Methods: We retrospectively reviewed, the files of all fetuses diagnosed as affected by any type of CA during the period of 1989–2005.
Results: 55 fetuses were identified. The mean gestational age at the time of US diagnosis was 26.8 weeks. Complete agenesis of the corpus callosum (ACC) was present in 25, dysgenesis of the CC in 20, thickening of the CC in 3, lipoma of the CC in 3, vellum interpositum cysts in 2, one with ACC but normal anterior commissure and one with the middle interhemispheric variant of holoprosencephaly. Commissural anomalies were isolated in 21 patients; associated anomalies were found in the remaining 34. Colpocephaly was present in only 24 fetuses. Associated anomalies were found in 11/25 fetuses with complete ACC and in fetuses with other forms of CA. MR imaging was performed starting form 2000 in 15 patients. Thirty-seven patients opted for termination of pregnancy, one fetus died in utero. 16 were delivered and one pregnancy is still ongoing. One child died close to delivery. 2 were lost to follow-up. Nine children have normal development (mean follow up 25.2 months). One has severe psychomotor retardation, two mild developmental delay and one optic nerve hypoplasia.
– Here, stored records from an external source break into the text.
lemma merged_weight_pos:
  assumes "a < card (merged_sets m F w)"
  shows "0 < merged_weight m F w a"
  using merged_class_nonempty[OF assms]
  unfolding merged_weight_def by (intro sum_pos) (auto simp: merged_class_def)

lemma sum_over_positive_weights:
  fixes w :: "nat \<Rightarrow> real"
  assumes "\<forall>i<m. 0 \<le> w i" and "\<And>i. i < m \<Longrightarrow> w i = 0 \<Longrightarrow> g i = 0"
  shows "(\<Sum>i | i < m \<and> 0 < w i. g i) = (\<Sum>i<m. g i)"
proof (rule sum.mono_neutral_left)
  show "\<forall>i\<in>{..<m} - {i. i < m \<and> 0 < w i}. g i = 0"
  proof
    fix i assume "i \<in> {..<m} - {i. i < m \<and> 0 < w i}"
    then have "i < m" and "w i = 0"
      using assms(1) by auto
    then show "g i = 0"
      by (rule assms(2))
  qed
qed auto

lemma sum_merged_weight:
  assumes "is_system n m F w s"
  shows "(\<Sum>a<card (merged_sets m F w). merged_weight m F w a) = 1"
  using assms sum_merged_class[where m = m and F = F and w = w and g = w]
    sum_over_positive_weights[where m = m and w = w and g = w]
  by (simp add: merged_weight_def is_system_def)

lemma merged_split_scaled:
  assumes "a < card (merged_sets m F w)" and "b < card (merged_sets m F w)"
  shows "merged_weight m F w a * merged_weight m F w b * merged_split m F w s a b p =
    (\<Sum>i\<in>merged_class m F w a. \<Sum>j\<in>merged_class m F w b. w i * w j * s i j p)"
  using merged_weight_pos[OF assms(1)] merged_weight_pos[OF assms(2)]
  by (simp add: merged_split_def)

lemma load_merged:
  assumes "is_system n m F w s"
  shows "load (card (merged_sets m F w)) (merged_weight m F w) (merged_split m F w s) p = load m w s p"
proof -
  have nonneg: "\<forall>i<m. 0 \<le> w i"
    using assms by (simp add: is_system_def)
  have "load (card (merged_sets m F w)) (merged_weight m F w) (merged_split m F w s) p =
      (\<Sum>i | i < m \<and> 0 < w i. \<Sum>j | j < m \<and> 0 < w j. w i * w j * s i j p)"
    unfolding load_def by (simp add: merged_split_scaled sum_merged_class_pairs)
  also have "\<dots> = load m w s p"
    unfolding load_def using nonneg
    by (simp add: sum_over_positive_weights)
  finally show ?thesis .
qed

lemma merged_weight_nonneg: "0 \<le> merged_weight m F w a"
  unfolding merged_weight_def merged_class_def by (intro sum_nonneg) auto

lemma merged_split_nonneg:
  assumes "is_system n m F w s" and "p \<in> {1..n}"
  shows "0 \<le> merged_split m F w s a b p"
proof -
  have "0 \<le> w i * w j * s i j p" if "i \<in> merged_class m F w a" "j \<in> merged_class m F w b" for i j
  proof -
    have "i < m" "j < m" "0 < w i" "0 < w j"
      using that by (auto simp: merged_class_def)
    then show ?thesis
      using assms by (simp add: is_system_def)
  qed
  then have "0 \<le> (\<Sum>i\<in>merged_class m F w a. \<Sum>j\<in>merged_class m F w b. w i * w j * s i j p)"
    by (simp add: sum_nonneg)
  then show ?thesis
    unfolding merged_split_def using merged_weight_nonneg by simp
qed

lemma sum_merged_split:
  assumes sys: "is_system n m F w s"
    and ab: "a < card (merged_sets m F w)" "b < card (merged_sets m F w)"
  shows "(\<Sum>p\<in>{1..n}. merged_split m F w s a b p) = 1"
proof -
  let ?W = "merged_weight m F w"
  have "?W a * ?W b * (\<Sum>p\<in>{1..n}. merged_split m F w s a b p) =
      (\<Sum>p\<in>{1..n}. \<Sum>i\<in>merged_class m F w a. \<Sum>j\<in>merged_class m F w b. w i * w j * s i j p)"
    by (simp add: sum_distrib_left merged_split_scaled[OF ab])
  also have "\<dots> =
      (\<Sum>i\<in>merged_class m F w a. \<Sum>j\<in>merged_class m F w b. \<Sum>p\<in>{1..n}. w i * w j * s i j p)"
    by (subst sum.swap, rule sum.cong[OF refl], rule sum.swap)
  also have "\<dots> =
      (\<Sum>i\<in>merged_class m F w a. \<Sum>j\<in>merged_class m F w b. w i * w j * (\<Sum>p\<in>{1..n}. s i j p))"
    by (simp add: sum_distrib_left)
  also have "\<dots> = (\<Sum>i\<in>merged_class m F w a. \<Sum>j\<in>merged_class m F w b. w i * w j)"
  proof (intro sum.cong refl)
    fix i j assume "i \<in> merged_class m F w a" "j \<in> merged_class m F w b"
    then have "i < m" "j < m"
      by (auto simp: merged_class_def)
    then show "w i * w j * (\<Sum>p\<in>{1..n}. s i j p) = w i * w j"
      using sys by (simp add: is_system_def)
  qed
  also have "\<dots> = ?W a * ?W b"
    by (simp add: merged_weight_def sum_product)
  finally show ?thesis
    using merged_weight_pos[OF ab(1)] merged_weight_pos[OF ab(2)] by simp
qed

lemma is_system_merged:
  assumes sys: "is_system n m F w s"
  shows "is_system n (card (merged_sets m F w)) (from_nat_into (merged_sets m F w))
    (merged_weight m F w) (merged_split m F w s)"
  unfolding is_system_def
proof (intro conjI allI impI ballI)
  fix a assume a: "a < card (merged_sets m F w)"
  obtain i where "i \<in> merged_class m F w a"
    using merged_class_nonempty[OF a] by blast
  then show "from_nat_into (merged_sets m F w) a \<subseteq> {1..n}"
    using sys by (auto simp: merged_class_def is_system_def)
  show "0 \<le> merged_weight m F w a"
    by (rule merged_weight_nonneg)
  show "merged_weight m F w a \<le> 1"
    using a merged_weight_pos sum_merged_weight[OF sys]
      member_le_sum[of a "{..<card (merged_sets m F w)}" "merged_weight m F w"]
    by (simp add: less_imp_le)
next
  show "(\<Sum>a<card (merged_sets m F w). merged_weight m F w a) = 1"
    using sum_merged_weight[OF sys] .
next
  fix a b p assume ab: "a < card (merged_sets m F w)" "b < card (merged_sets m F w)" and p: "p \<in> {1..n}"
  show "0 \<le> merged_split m F w s a b p"
    using merged_split_nonneg[OF sys p] .
  show "merged_split m F w s a b p \<le> 1"
    using p sum_merged_split[OF sys ab] merged_split_nonneg[OF sys]
      member_le_sum[of p "{1..n}" "merged_split m F w s a b"]
    by simp
next
  fix a b assume "a < card (merged_sets m F w)" "b < card (merged_sets m F w)"
  then show "(\<Sum>p\<in>{1..n}. merged_split m F w s a b p) = 1"
    using sum_merged_split[OF sys] by blast
qed

lemma sum_pos_obtain:
  fixes f :: "'a \<Rightarrow> 'b::{ordered_comm_monoid_add, linorder}"
  assumes "0 < sum f A"
  obtains a where "a \<in> A" "0 < f a"
proof (rule ccontr)
  assume "\<not> thesis"
  then have "sum f A \<le> 0"
    using that by (intro sum_nonpos) (meson not_less)
  with assms show False
    by simp
qed

lemma intersecting_system_merged:
  assumes int: "intersecting_system n m F w s"
  shows "intersecting_system n (card (merged_sets m F w)) (from_nat_into (merged_sets m F w))
    (merged_weight m F w) (merged_split m F w s)"
  unfolding intersecting_system_def
proof (intro allI impI ballI)
  fix a b p assume ab: "a < card (merged_sets m F w)" "b < card (merged_sets m F w)"
    and p: "p \<in> {1..n}" and pos: "0 < merged_split m F w s a b p"
  have "0 < merged_weight m F w a * merged_weight m F w b * merged_split m F w s a b p"
    using pos merged_weight_pos[OF ab(1)] merged_weight_pos[OF ab(2)] by simp
  then have "0 < (\<Sum>i\<in>merged_class m F w a. \<Sum>j\<in>merged_class m F w b. w i * w j * s i j p)"
    by (simp only: merged_split_scaled[OF ab])
  then obtain i where i: "i \<in> merged_class m F w a"
    and "0 < (\<Sum>j\<in>merged_class m F w b. w i * w j * s i j p)"
    by (rule sum_pos_obtain)
  from this(2) obtain j where j: "j \<in> merged_class m F w b" and "0 < w i * w j * s i j p"
    by (rule sum_pos_obtain)
  moreover have "0 < w i * w j"
    using i j by (simp add: merged_class_def)
  ultimately have "0 < s i j p"
    by (simp add: zero_less_mult_iff)
  moreover have "i < m" "j < m"
    using i j by (simp_all add: merged_class_def)
  ultimately have "p \<in> F i \<inter> F j"
    using int p unfolding intersecting_system_def by blast
  then show "p \<in> from_nat_into (merged_sets m F w) a \<inter> from_nat_into (merged_sets m F w) b"
    using i j by (simp add: merged_class_def)
qed

section \<open>Small systems are uniformly unbalanced\<close>

lemma overload_uniformly_positive_on_small_family:
  assumes "n > 0" and "finite G" and "\<forall>A\<in>G. card A < kmin n"
  obtains \<delta> where "0 < \<delta>"
    "\<And>w s. is_system n (card G) (from_nat_into G) w s \<Longrightarrow>
      intersecting_system n (card G) (from_nat_into G) w s \<Longrightarrow> \<delta> \<le> overload n (card G) w s"
proof -
  have "\<forall>i<card G. card (from_nat_into G i) < kmin n"
    using assms(2,3) bij_betwE[OF bij_betw_from_nat_into_finite] by blast
  then show ?thesis
    using that overload_uniformly_positive overload_pos_if_sets_small[OF assms(1)] by metis
qed

lemma small_systems_uniformly_overloaded:
  assumes "n > 0"
  obtains \<delta> where "0 < \<delta>"
    "\<And>m F w s. is_system n m F w s \<Longrightarrow> intersecting_system n m F w s \<Longrightarrow>
      \<forall>i<m. card (F i) < kmin n \<Longrightarrow> \<delta> \<le> overload n m w s"
proof -
  define small where "small = {A. A \<subseteq> {1..n} \<and> card A < kmin n}"
  have "finite small"
    unfolding small_def by (rule finite_subset[of _ "Pow {1..n}"]) auto
  have "\<exists>\<delta>>0. \<forall>w s. is_system n (card G) (from_nat_into G) w s \<longrightarrow>
      intersecting_system n (card G) (from_nat_into G) w s \<longrightarrow> \<delta> \<le> overload n (card G) w s"
    if "G \<subseteq> small" for G
    using overload_uniformly_positive_on_small_family[OF assms, of G] that \<open>finite small\<close>
    by (metis (no_types, lifting) finite_subset mem_Collect_eq small_def subsetD)
  then obtain d where d: "\<And>G. G \<subseteq> small \<Longrightarrow> 0 < d G \<and> (\<forall>w s.
      is_system n (card G) (from_nat_into G) w s \<longrightarrow>
      intersecting_system n (card G) (from_nat_into G) w s \<longrightarrow> d G \<le> overload n (card G) w s)"
    by metis
  define \<delta> where "\<delta> = Min (d ` Pow small)"
  show thesis
  proof (rule that)
    show "0 < \<delta>"
      unfolding \<delta>_def using \<open>finite small\<close> d by (subst Min_gr_iff) auto
  next
    fix m F w s
    assume sys: "is_system n m F w s" and int: "intersecting_system n m F w s"
      and small_sets: "\<forall>i<m. card (F i) < kmin n"
    have "merged_sets m F w \<subseteq> small"
      using sys small_sets by (auto simp: merged_sets_def small_def is_system_def)
    then have "\<delta> \<le> d (merged_sets m F w)"
      unfolding \<delta>_def using \<open>finite small\<close> by (intro Min_le) auto
    also have "\<dots> \<le> overload n (card (merged_sets m F w)) (merged_weight m F w) (merged_split m F w s)"
      using d[OF \<open>merged_sets m F w \<subseteq> small\<close>] is_system_merged[OF sys]
        intersecting_system_merged[OF int] by blast
    also have "\<dots> = overload n m w s"
      by (simp add: overload_def load_merged[OF sys])
    finally show "\<delta> \<le> overload n m w s" .
  qed
qed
Conclusion: Commissural anomalies can be diagnosed in utero by US. The increasing knowledge of brain anatomy gained in the last years seems to be an important factor in the increased diagnostic yield. Following prenatal counseling, 67% of our population opted for termination of pregnancy; this number is even higher (74%) if we exclude 5 fetuses with relatively benign findings (lipoma and cavum interpositum cyst). On the other hand, patients with the US and MRI diagnosis of isolated ACC or CC lipomas seem to have a good prognosis (6/6).